KULT is a nationwide project that has the noble aim of strengthening day-care children's encounter with art and culture both qualitatively and quantitatively.

Exposure to arts and culture is a natural part of a child's early socialisation and a good investment in young children's health and social and cultural development. The benefits of letting children watch art, listen to music, hear stories and experience dance, theatre and heritage education are twofold: The experience itself provides the child with strong, valuable impulses that have value in themselves in the here and now, but which can also inspire new games, stories and activities that - supported by the educator - both bring joy and can be steps on the child's path towards its nearest zone of development (Vygotsky).

Experiencing art and culture can be exhilarating, 'fun' and inspiring. However, if visits to museums, theatres, etc. are to have an impact beyond the 'magical now', children themselves need to be given the opportunity to actively acquire the artistic idioms. The better one masters one's languages (this applies to all forms of language), the more precisely and differentiated one can understand one's world and express oneself about it.
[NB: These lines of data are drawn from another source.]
(* Let $1\le k\le n$ and $p=c_n^k$. Suppose $X$ is a real symmetric $n\times n$ matrix given together with a diagonalization $X=Q\Lambda Q^{\intercal}$ ($Q$ orthogonal, $\Lambda$ diagonal). Then there is an algorithm that computes the vector $v\in\mathbb{R}^n$ with $v_i=p|_{\{i\}}(X)$ for all $i\in[n]$ using $O(n^{\omega})$ floating point operations.
   Context: $c_n^k(X)=\sum_{S\subseteq[n],|S|=k}\det(X|_S)$ with $X|_S$ the principal submatrix indexed by $S$; $p|_{\{i\}}(X)=\sum_{|S|=k,\,i\in S}\det(X|_S)$. $\omega$ is the matrix multiplication exponent. *)

theory Defs
  imports Complex_Main "HOL-Combinatorics.Permutations"
begin

text \<open>Matrices of varying size n are functions nat => nat => real, indices 0..n-1.
  The determinant of the principal submatrix X|_S is written out by the Leibniz formula
  (which is what the library determinant unfolds to).\<close>

definition principal_minor :: "(nat \<Rightarrow> nat \<Rightarrow> real) \<Rightarrow> nat set \<Rightarrow> real" where
  "principal_minor X S = (\<Sum>\<pi> | \<pi> permutes S. of_int (sign \<pi>) * (\<Prod>i\<in>S. X i (\<pi> i)))"

definition elem_sym_minor :: "nat \<Rightarrow> nat \<Rightarrow> (nat \<Rightarrow> nat \<Rightarrow> real) \<Rightarrow> real" where
  "elem_sym_minor n k X = (\<Sum>S | S \<subseteq> {0..<n} \<and> card S = k. principal_minor X S)"

definition restrict_minor_sum :: "nat \<Rightarrow> nat \<Rightarrow> nat \<Rightarrow> (nat \<Rightarrow> nat \<Rightarrow> real) \<Rightarrow> real" where
  "restrict_minor_sum n k i X = (\<Sum>S | S \<subseteq> {0..<n} \<and> card S = k \<and> i \<in> S. principal_minor X S)"

datatype instr = Const real | Add nat nat | Sub nat nat | Mul nat nat | Div nat nat

definition reg :: "real list \<Rightarrow> nat \<Rightarrow> real" where
  "reg rs a = (if a < length rs then rs ! a else 0)"

fun step :: "real list \<Rightarrow> instr \<Rightarrow> real" where
  "step rs (Const c) = c"
| "step rs (Add a b) = reg rs a + reg rs b"
| "step rs (Sub a b) = reg rs a - reg rs b"
| "step rs (Mul a b) = reg rs a * reg rs b"
| "step rs (Div a b) = reg rs a / reg rs b"

fun exec :: "real list \<Rightarrow> instr list \<Rightarrow> real list" where
  "exec rs [] = rs"
| "exec rs (ins # P) = exec (rs @ [step rs ins]) P"

text \<open>Program P with output registers outs computes F on all inputs satisfying D
  (inputs are lists of length m). The cost is the number of instructions, length P.\<close>
definition slp_computes ::
  "nat \<Rightarrow> (real list \<Rightarrow> bool) \<Rightarrow> (real list \<Rightarrow> real list) \<Rightarrow> instr list \<Rightarrow> nat list \<Rightarrow> bool" where
  "slp_computes m D F P outs \<longleftrightarrow>
     (\<forall>x. length x = m \<longrightarrow> D x \<longrightarrow> map (reg (exec x P)) outs = F x)"
(* Let $N\geq 3$, $p>1$, $m\in\mathbb N$ and $\alpha_p:=\max\left\{0,\frac{p(N-2)-(N+2)}{2}\right\}$. For $\alpha>\alpha_p$ let $u_\alpha$ be the unique radial solution of $-\Delta u=|x|^\alpha|u|^{p-1}u$ in $B^N$, $u=0$ on $\partial B^N$, with exactly $m$ nodal sets and $u_\alpha(0)>0$; let $r_{1,\alpha}<\cdots<r_{m,\alpha}=1$ be its zeros in $(0,1]$. Let $v_\alpha(t):=\left(\frac{2}{\alpha+2}\right)^{\frac{2}{p-1}}u_\alpha\left(t^{\frac{2}{\alpha+2}}\right)$, $t\in[0,1]$, and let $t_{1,\alpha}$ be the smallest zero of $v_\alpha$ in $(0,1]$. Then there exist $\delta\in(0,1)$ and $\alpha_0>\alpha_p$ such that $t_{1,\alpha}\geq\delta$ for all $\alpha\geq\alpha_0$. In particular, $r_{i,\alpha}\to1$ as $\alpha\to\infty$ for each $i=1,\dots,m$.
   Context: $B^N$ is the open unit ball in $\mathbb R^N$ centered at the origin; radial functions are identified with functions of the radius on $[0,1]$. A nodal set is a connected component of the set where the function does not vanish. *)

theory Defs
  imports "HOL-Analysis.Analysis"
begin

definition alpha_p :: "nat \<Rightarrow> real \<Rightarrow> real" where
  "alpha_p N p = max 0 ((p * (real N - 2) - (real N + 2)) / 2)"

text \<open>U (a function of the radius r in [0,1]) is a radial classical solution of
  -Delta u = |x|^alpha |u|^(p-1) u in the unit ball of R^N, u = 0 on the boundary:
  radial form u'' + (N-1)/r u' + r^alpha |u|^(p-1) u = 0 on (0,1), u'(0) = 0, u(1) = 0.\<close>
definition radial_henon_sol :: "nat \<Rightarrow> real \<Rightarrow> real \<Rightarrow> (real \<Rightarrow> real) \<Rightarrow> bool" where
  "radial_henon_sol N p \<alpha> U \<longleftrightarrow>
     continuous_on {0..1} U \<and> U 1 = 0 \<and>
     (\<exists>U' U''.
        (\<forall>r\<in>{0..<1}. (U has_real_derivative U' r) (at r within {0..<1})) \<and>
        U' 0 = 0 \<and>
        (\<forall>r\<in>{0<..<1}. (U' has_real_derivative U'' r) (at r)) \<and>
        (\<forall>r\<in>{0<..<1}. U'' r + (real N - 1) / r * U' r
                          + r powr \<alpha> * \<bar>U r\<bar> powr (p - 1) * U r = 0))"

text \<open>Number of nodal sets of a radial function U on the unit ball: the connected
  components of the set where it does not vanish, in radial coordinates r in [0,1).\<close>
definition num_nodal_sets :: "(real \<Rightarrow> real) \<Rightarrow> nat" where
  "num_nodal_sets U = card (components {r \<in> {0..<1}. U r \<noteq> 0})"

definition zeros01 :: "(real \<Rightarrow> real) \<Rightarrow> real set" where
  "zeros01 U = {r \<in> {0<..1}. U r = 0}"

definition ith_zero :: "(real \<Rightarrow> real) \<Rightarrow> nat \<Rightarrow> real" where
  "ith_zero U i = sorted_list_of_set (zeros01 U) ! (i - 1)"

end

theory Submission
  imports Defs "HOL-Real_Asymp.Real_Asymp"
begin

text \<open>The substitution \<open>v(t) = c u(t^(2/(\<alpha>+2)))\<close> turns the Henon equation into
  \<open>v'' + (M-1)/t v' + |v|^(p-1) v = 0\<close> with \<open>M = 2(N+\<alpha>)/(\<alpha>+2)\<close>, which lies in
  \<open>[2,3]\<close> for large \<open>\<alpha>\<close>. Along this equation the energy \<open>E = v'^2/2 + |v|^(p+1)/(p+1)\<close>
  decreases while \<open>t^(2(M-1)) E\<close> increases, and \<open>v \<ge> v(0)/2\<close> as long as
  \<open>v(0)^(p-1) t^2 \<le> M\<close>. If \<open>v(0)\<close> were large, \<open>E\<close> would be large on \<open>[1/2,1)\<close>; then \<open>v\<close>
  vanishes in every short window there (it is fast below a suitable level, and above that
  level a Pruefer-angle comparison applies), so \<open>v\<close> would have more than \<open>m\<close> zeros and
  \<open>u\<close> more than \<open>m\<close> nodal sets. Hence \<open>v(0)\<close> is bounded uniformly in \<open>\<alpha>\<close>, and the first
  zero of \<open>v\<close>, which is at least \<open>sqrt(M / v(0)^(p-1))\<close>, stays away from \<open>0\<close>. The zeros
  of \<open>u\<close> are the \<open>2/(\<alpha>+2)\<close>-th powers of those of \<open>v\<close> and therefore tend to \<open>1\<close>.\<close>

lemma has_real_derivative_abs_powr:
  fixes r x :: real
  assumes r: "r > 1"
  shows "((\<lambda>x. \<bar>x\<bar> powr r) has_real_derivative r * \<bar>x\<bar> powr (r - 1) * sgn x) (at x)"
proof (cases "x = 0")
  case True
  have lim: "((\<lambda>h::real. \<bar>h\<bar> powr (r - 1)) \<longlongrightarrow> 0) (at 0)"
    using r by (intro tendsto_zero_powrI) (auto intro!: tendsto_eq_intros)
  have "((\<lambda>h::real. sgn h * \<bar>h\<bar> powr (r - 1)) \<longlongrightarrow> 0) (at 0)"
    by (rule tendsto_0_le[OF lim, of _ 1]) (auto simp: abs_mult sgn_if)
  moreover have "\<forall>\<^sub>F h in at (0::real). sgn h * \<bar>h\<bar> powr (r - 1) = (\<bar>0 + h\<bar> powr r - \<bar>0\<bar> powr r) / h"
    unfolding eventually_at by (rule exI[of _ 1]) (auto simp: powr_diff sgn_if)
  ultimately have "((\<lambda>h. (\<bar>0 + h\<bar> powr r - \<bar>0\<bar> powr r) / h) \<longlongrightarrow> 0) (at 0)"
    by (rule Lim_transform_eventually)
  then show ?thesis using True by (simp add: DERIV_def)
next
  case False
  then consider "x > 0" | "x < 0" by linarith
  then show ?thesis
  proof cases
    case 1
    have "\<forall>\<^sub>F y in nhds x. \<bar>y\<bar> powr r = y powr r"
      using eventually_nhds_in_open[of "{0<..}" x] 1 by (auto elim!: eventually_mono)
    moreover have "((\<lambda>y. y powr r) has_real_derivative r * x powr (r - 1)) (at x)"
      using 1 by (rule has_real_derivative_powr)
    ultimately show ?thesis using 1 by (subst DERIV_cong_ev[OF refl _ refl]) simp_all
  next
    case 2
    have "\<forall>\<^sub>F y in nhds x. \<bar>y\<bar> powr r = (-y) powr r"
      using eventually_nhds_in_open[of "{..<0}" x] 2 by (auto elim!: eventually_mono)
    moreover have "((\<lambda>y. (-y) powr r) has_real_derivative r * (-x) powr (r - 1) * (-1)) (at x)"
      using 2 by (auto intro!: derivative_eq_intros)
    ultimately show ?thesis using 2 by (subst DERIV_cong_ev[OF refl _ refl]) simp_all
  qed
qed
As part of the project KULT Trut&Lut gave a concert in Tumlelunden, Viborg - Watch the film here.

Roles of the educator

As an educator and cultural mediator, you have several roles in relation to the child's cultural encounter. In the KULT project we have a special focus on three of these roles:

  1. Cultural mediator

The educator introduces the children to art and culture, reads/narrates e.g. fairy tales, goes to the theatre and the museum.

  1. Initiator

The educator initiates aesthetic activities with the children, such as poetry, fairy tales and theatre for or with them.

  1. Partnerships

The educator supports and facilitates the children's own games and aesthetic activities, for example, setting up an adventure room where the children can play fairy tales, or a workshop where the children can paint, an IT room where the children can make their own stories in, for example, Book Creator, iMovie - or whatever the children's current interests are.

The Butterfly

In the Kult project, these roles play out in three phases:

  • The inspiration phase (impulse, moodiness)
  • The experience phase (art and culture meeting)
  • The processing phase (immersion)

From impression to expression

Between impressions and expression, the child's experiences are transformed into knowledge and identity through an aesthetic medium. In plain English, this means that the child who, through the educator, becomes interested in Vikings, for example, and who then experiences the Viking exhibition directly in order to finally process the experience through play, drawing, storytelling, singing, etc. (aesthetic media) in the educator's setting, acquires new knowledge and skills in the field. In this way, the child comes to see himself as someone who knows and can do something about the theme of Vikings, which stimulates his identity development. When this is achieved, it will subsequently be reflected in the child's games and (self-)stories, regardless of the medium.

The model below is best understood by imagining a concrete experience:

There is a circus in town, the institution has received some free tickets, and the educator, as an impulse giver, has talked about what circus is, shown photos, played circus music and a few days before the performance taken the children to the site to look at the tents and animals (inspiration phase).

After the performance (experience phase) and back in the institution, the children are allowed to draw what they found most exciting about the circus: their impressions (processing phase). In dialogue with the teacher, who also helps with the technical aspects of drawing, the children gradually express their impressions of the circus. Through the medium of drawing, the impressions gradually reach their 'final felt form' and the children are satisfied. However, the form is no more 'final' than it can be repeated and perhaps improved on a later occasion.